Valerie Fritsch: „Herzklappen von Johnson & Johnson“

Suhrkamp Verlag € 22,0

Das dritte Buch von Valerie Fritsch hat mich umgehauen. So ein genialer Umgang mit Sprache, das Fließen durch die Seiten, Formulierungen, die ich noch nie gelesen habe, haben die Lektüre zu einem ausgewöhnlichen Erlebnis gemacht.
Es könnte alles so banal sein.
Alma ist zu Beginn ein kleines Mädchen und ihre Eltern stehen im Mittelpunkt des ersten Teils. Darauf folgt der Groß- und danach die Großmutter. Als Alma sich in Friedrich verliebt und sie ihr Kind Emil bekommen, stehen natürlich diese beiden Männer im Mittelpunkt, bis sich der Kreis wieder zu den Großeltern schließt.
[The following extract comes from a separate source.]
(* Let $G=(V,E)$ be a simple graph with $n$ vertices, $m$ edges, maximum degree $\Delta$ and arboricity $\alpha$, and let $\frac{1}{\alpha}\leq\varepsilon<1$. Procedure Arboricity Edge-Coloring with parameter $h=\max\{\lfloor\log(\varepsilon\alpha/3)\rfloor,0\}$ computes a proper edge-coloring of $G$ using at most $\Delta+\varepsilon\alpha$ colors in $O\left(\frac{m\log n}{\varepsilon^{7}}\right)$ deterministic time. Its randomized version requires $O\left(\frac{m\log n}{\varepsilon}\right)$ expected time.
   Context: Logarithms are base 2. The arboricity of $G$ is $\alpha(G)=\max_{S\subseteq V,|S|\ge2}\lceil |E(G[S])|/(|S|-1)\rceil$. A proper $k$-edge-coloring is a map $\varphi:E\to\{1,\dots,k\}$ assigning distinct colors to distinct edges sharing an endpoint. An orientation $\mu$ assigns a direction to each edge; $\mathrm{indeg}(v)$, $\mathrm{outdeg}(v)$ are the in/out-degrees. An oriented degree-splitting of $(G,\mu)$ with discrepancy $\kappa$ is a partition $(E_1,E_2)$ of $E$ such that for every vertex $v$, the numbers of incoming edges of $v$ in $E_1$ and in $E_2$ differ by at most $\kappa$, and the numbers of outgoing edges of $v$ in $E_1$ and in $E_2$ differ by at most $\kappa$. Procedure Forests-Decomposition Orientation$(G)$: starting from $\mathcal A=V$, repeatedly pick $v\in\mathcal A$ of minimum degree in $G[\mathcal A]$, orient every edge from $v$ to its neighbours in $\mathcal A$, and remove $v$ from $\mathcal A$, until $\mathcal A=\emptyset$. Procedure Oriented Edge-Coloring$(G,\mu,h)$: if $h=0$, return a proper $(\Delta(G)+1)$-edge-coloring of (the undirected) $G$ computed by a base-case subroutine. Otherwise compute an oriented degree-splitting $(E_1,E_2)$ of $(G,\mu)$ with discrepancy at most 1 (computable in $O(|E|)$ time), let $G_1=(V,E_1)$, $G_2=(V,E_2)$ with the orientation induced by $\mu$, recursively compute $\varphi_1=$ Oriented Edge-Coloring$(G_1,\mu,h-1)$, $\varphi_2=$ Oriented Edge-Coloring$(G_2,\mu,h-1)$, and return $\varphi(e)=\varphi_1(e)$ on $E_1$ and $\varphi(e)=p_1+\varphi_2(e)$ on $E_2$, where $p_1$ is the palette size of $\varphi_1$. Procedure Arboricity Edge-Coloring$(G,h)$: compute $\mu=$ Forests-Decomposition Orientation$(G)$ and return Oriented Edge-Coloring$(G,\mu,h)$. Deterministic version: the base-case subroutine is a deterministic algorithm computing a proper $(\Delta'+1)$-edge-coloring of an $n'$-vertex $m'$-edge graph with maximum degree $\Delta'$ and arboricity $\alpha'$ in $O(m'\alpha'^7\log n')$ time. Randomized version: the base-case subroutine is a randomized algorithm computing a proper $(\Delta'+1)$-edge-coloring in expected $O(m'\alpha'\log n')$ time. *)

theory Defs
  imports Complex_Main
begin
Valerie Fritsch versteht es gekonnt, die Sprachlosigkeit des Großvaters zu beschreiben, der im Krieg Opfer und Täter war und darüber nicht spricht, wenn er das überhaupt noch tut. Ganz im Gegenteil dazu seine Frau, die ketterauchend Alma immer und immer wieder Geschichten aus ihrem Leben erzählt und sich dabei öfters auf das Wohl der Verstorbenen einen genehmigt.
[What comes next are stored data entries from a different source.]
lemma kraw_coeff_shift:
  "kraw_coeff N p n (Suc i) * p * real (Suc i) * (real N - real i)
    = - (real n - real i) * kraw_coeff N p n i"
proof (cases "i < n")
  case True
  then obtain d where n: "n = i + Suc d"
    using less_iff_Suc_add by (auto simp: add.commute)
  have "real (Suc i) * real (n choose Suc i) = real (n - i) * real (n choose i)"
    using binomial_absorption[of i n] binomial_absorb_comp[of n i] by (metis of_nat_mult)
  then have "real (n choose Suc i) = real (Suc d) * real (n choose i) / real (Suc i)"
    using n by (simp add: field_simps)
  then have succ_coeff: "kraw_coeff N p n (Suc i)
      = real (Suc d) * real (n choose i) / real (Suc i) * (-p) ^ d * ffact (real N - real (Suc i)) d"
    using n by (simp add: kraw_coeff_def)
  have "ffact (real N - real i) (Suc d) = (real N - real i) * ffact (real N - real (Suc i)) d"
    by (simp add: ffact_Suc_left algebra_simps)
  then have coeff: "kraw_coeff N p n i
      = real (n choose i) * (-p) ^ Suc d * ((real N - real i) * ffact (real N - real (Suc i)) d)"
    using n by (simp add: kraw_coeff_def)
  have "real n - real i = real (Suc d)"
    using n by simp
  then show ?thesis
    unfolding succ_coeff coeff by (simp add: field_simps)
next
  case False
  then show ?thesis
    by (cases "i = n") (simp_all add: kraw_coeff_eq_0)
qed

(* kraw_coeff_lowering (for n and n + 1) and kraw_coeff_shift express the other three coefficients
   through c = kraw_coeff N p n k, leaving a polynomial identity in n, k, N and p. *)
lemma kraw_coeff_recurrence:
  assumes "k \<le> Suc n"
  shows "(if k = 0 then 0 else kraw_coeff N p n (k - 1)) + real k * kraw_coeff N p n k
    = kraw_coeff N p (Suc n) k + alpha N p n * kraw_coeff N p n k + beta N p n * kraw_coeff N p (n - 1) k"
proof (cases "k = Suc n")
  case False
  then have kn: "k \<le> n" using assms by simp
  define c where "c = kraw_coeff N p n k"
  have up: "(real k - real (Suc n)) * kraw_coeff N p (Suc n) k = real (Suc n) * p * (real N - real n) * c"
    using kraw_coeff_lowering[of "Suc n" k N p] kn unfolding c_def by (simp add: algebra_simps)
  have down: "beta N p n * kraw_coeff N p (n - 1) k = (1 - p) * (real k - real n) * c"
  proof (cases n)
    case (Suc m)
    have "real n * p * (real N - real n + 1) * kraw_coeff N p (n - 1) k = (real k - real n) * c"
      using kraw_coeff_lowering[of n k N p] kn Suc unfolding c_def by (simp add: algebra_simps)
    then show ?thesis
      unfolding beta_def by (metis mult.commute mult.left_commute mult.assoc)
  qed (use kn c_def in \<open>simp add: beta_def\<close>)
  have prev: "(real n - real k + 1) * (if k = 0 then 0 else kraw_coeff N p n (k - 1))
      = - c * p * real k * (real N - real k + 1)"
  proof (cases k)
    case (Suc i)
    then show ?thesis
      using kraw_coeff_shift[of N p n i] unfolding c_def by (simp add: algebra_simps)
  qed simp
  define t where "t = real n - real k + 1"
  have t: "t \<noteq> 0" using kn unfolding t_def by simp
  have scalar: "- p * real k * (real N - real k + 1) + real k * t
      = - real (Suc n) * p * (real N - real n) + (alpha N p n + (1 - p) * (real k - real n)) * t"
    unfolding t_def alpha_def by (simp add: algebra_simps)
  have "t * ((if k = 0 then 0 else kraw_coeff N p n (k - 1)) + real k * c)
      = c * (- p * real k * (real N - real k + 1) + real k * t)"
    using prev unfolding t_def by (simp add: algebra_simps)
  also have "\<dots> = t * (kraw_coeff N p (Suc n) k + alpha N p n * c + beta N p n * kraw_coeff N p (n - 1) k)"
    unfolding scalar down using up unfolding t_def by (simp add: algebra_simps)
  finally show ?thesis
    using t unfolding c_def by simp
qed (simp add: kraw_coeff_eq_0)

lemma Kr_backward_diff:
  assumes "1 \<le> n" "n \<le> N" "p \<noteq> 0"
  shows "x * bnabla (Kr N p n) x
    = real n * Kr N p n x + real n * p * (real N - real n + 1) * Kr N p (n - 1) x"
proof -
  have "x * bnabla (Kr N p n) x = (\<Sum>k=0..n. kraw_coeff N p n k * (x * (ffact x k - ffact (x - 1) k)))"
    unfolding bnabla_def Kr_eq_ffact_sum[OF assms(2,3)]
    by (simp add: sum_distrib_left sum_subtractf algebra_simps)
  also have "\<dots> = (\<Sum>k=0..n. (real k * kraw_coeff N p n k) * ffact x k)"
    by (simp only: ffact_backward_diff mult.commute mult.left_commute)
  also have "\<dots> = (\<Sum>k=0..n. (real n * kraw_coeff N p n k
      + real n * p * (real N - real n + 1) * kraw_coeff N p (n - 1) k) * ffact x k)"
    using assms by (intro sum.cong refl) (simp add: kraw_coeff_lowering)
  also have "\<dots> = real n * Kr N p n x + real n * p * (real N - real n + 1) * Kr N p (n - 1) x"
  proof -
    have e: "Kr N p (n - 1) x = (\<Sum>k=0..n. kraw_coeff N p (n - 1) k * ffact x k)"
      by (rule Kr_eq_ffact_sum_upto) (use assms in auto)
    show ?thesis
      unfolding e Kr_eq_ffact_sum[OF assms(2,3)] sum_distrib_left sum.distrib[symmetric]
      by (rule sum.cong[OF refl]) (simp add: algebra_simps)
  qed
  finally show ?thesis .
qed

lemma Kr_recurrence:
  assumes "Suc n \<le> N" "p \<noteq> 0"
  shows "x * Kr N p n x = Kr N p (Suc n) x + alpha N p n * Kr N p n x + beta N p n * Kr N p (n - 1) x"
proof -
  have "x * Kr N p n x = (\<Sum>k=0..n. kraw_coeff N p n k * ffact x (Suc k))
      + (\<Sum>k=0..n. real k * kraw_coeff N p n k * ffact x k)"
    using assms
    by (simp add: Kr_eq_ffact_sum sum_distrib_left ffact_Suc sum.distrib[symmetric] algebra_simps)
  also have "\<dots> = (\<Sum>k=0..Suc n. ((if k = 0 then 0 else kraw_coeff N p n (k - 1))
      + real k * kraw_coeff N p n k) * ffact x k)"
  proof -
    have "(\<Sum>k=0..n. kraw_coeff N p n k * ffact x (Suc k))
        = (\<Sum>k=0..Suc n. (if k = 0 then 0 else kraw_coeff N p n (k - 1)) * ffact x k)"
      by (subst sum.atLeast0_atMost_Suc_shift) simp
    moreover have "(\<Sum>k=0..n. real k * kraw_coeff N p n k * ffact x k)
        = (\<Sum>k=0..Suc n. real k * kraw_coeff N p n k * ffact x k)"
      by (simp add: kraw_coeff_eq_0)
    ultimately show ?thesis
      by (simp add: sum.distrib algebra_simps)
  qed
  also have "\<dots> = (\<Sum>k=0..Suc n. (kraw_coeff N p (Suc n) k + alpha N p n * kraw_coeff N p n k
      + beta N p n * kraw_coeff N p (n - 1) k) * ffact x k)"
    by (intro sum.cong refl) (simp add: kraw_coeff_recurrence)
  also have "\<dots> = Kr N p (Suc n) x + alpha N p n * Kr N p n x + beta N p n * Kr N p (n - 1) x"
  proof -
    have e: "Kr N p n x = (\<Sum>k=0..Suc n. kraw_coeff N p n k * ffact x k)"
      "Kr N p (n - 1) x = (\<Sum>k=0..Suc n. kraw_coeff N p (n - 1) k * ffact x k)"
      by (rule Kr_eq_ffact_sum_upto; use assms in simp)+
    show ?thesis
      unfolding e Kr_eq_ffact_sum[OF assms] sum_distrib_left sum.distrib[symmetric]
      by (simp add: algebra_simps)
  qed
  finally show ?thesis .
qed

section \<open>Difference equation and orthogonality\<close>

definition kraw_op :: "nat \<Rightarrow> real \<Rightarrow> (real \<Rightarrow> real) \<Rightarrow> real \<Rightarrow> real" where
  "kraw_op N p f x = p * (real N - x) * fdelta f x - (1 - p) * x * bnabla f x"

lemma kraw_op_ffact:
  "kraw_op N p (\<lambda>y. ffact y k) x
    = (if k = 0 then 0 else p * real k * (real N - real (k - 1)) * ffact x (k - 1)) - real k * ffact x k"
proof (cases k)
  case (Suc i)
  define F where "F = ffact x i"
  have up: "ffact (x + 1) (Suc i) = (x + 1) * F"
    using ffact_Suc_left[of "x + 1" i] unfolding F_def by simp
  have here: "ffact x (Suc i) = F * (x - real i)"
    unfolding F_def by (rule ffact_Suc)
  have down: "x * (ffact x (Suc i) - ffact (x - 1) (Suc i)) = real (Suc i) * (F * (x - real i))"
    using ffact_backward_diff[of x "Suc i"] unfolding here .
  have "kraw_op N p (\<lambda>y. ffact y k) x
      = p * (real N - x) * ((x + 1) * F - F * (x - real i)) - (1 - p) * (real (Suc i) * (F * (x - real i)))"
    unfolding kraw_op_def fdelta_def bnabla_def Suc up here[symmetric] mult.assoc[of "(1 - p)"] down ..
  then show ?thesis
    using Suc by (simp add: here F_def algebra_simps)
qed (simp add: kraw_op_def fdelta_def bnabla_def)

lemma kraw_op_sum:
  "kraw_op N p (\<lambda>y. \<Sum>k\<in>A. c k * f k y) x = (\<Sum>k\<in>A. c k * kraw_op N p (f k) x)"
  unfolding kraw_op_def fdelta_def bnabla_def
  by (simp add: sum_subtractf[symmetric] sum_distrib_left algebra_simps)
Der Schmerz der Sprachlosigkeit, der Schmerz des wiederholten Erzählenmüssens spiegelt sich in Almas Kind Emil, der schmerzunempfindlich ist und somit besonderer Fürsorge durch die Eltern bedarf. Nicht leicht für Alma, nach ihren langen Depression nach der Geburt.
Emil muss den Schmerz erlernen, sich aneignen, ein Etwas vortäuschen, das er nicht kennt. Er führt ein Leben zwischen Superman und oftmaligen Klinikbesuchen.
Valerie Fritsch verbindet, verknüpft, baut sich und uns ein Kammerspiel zusammen, schlägt einen großen weiten Bogen, bis sich der Kreis schließt.
Alma findet ihren Frieden. Weit weg, aber in Gemeinschaft mit ihrem Mann Friedrich und ihrem Sohn Emil.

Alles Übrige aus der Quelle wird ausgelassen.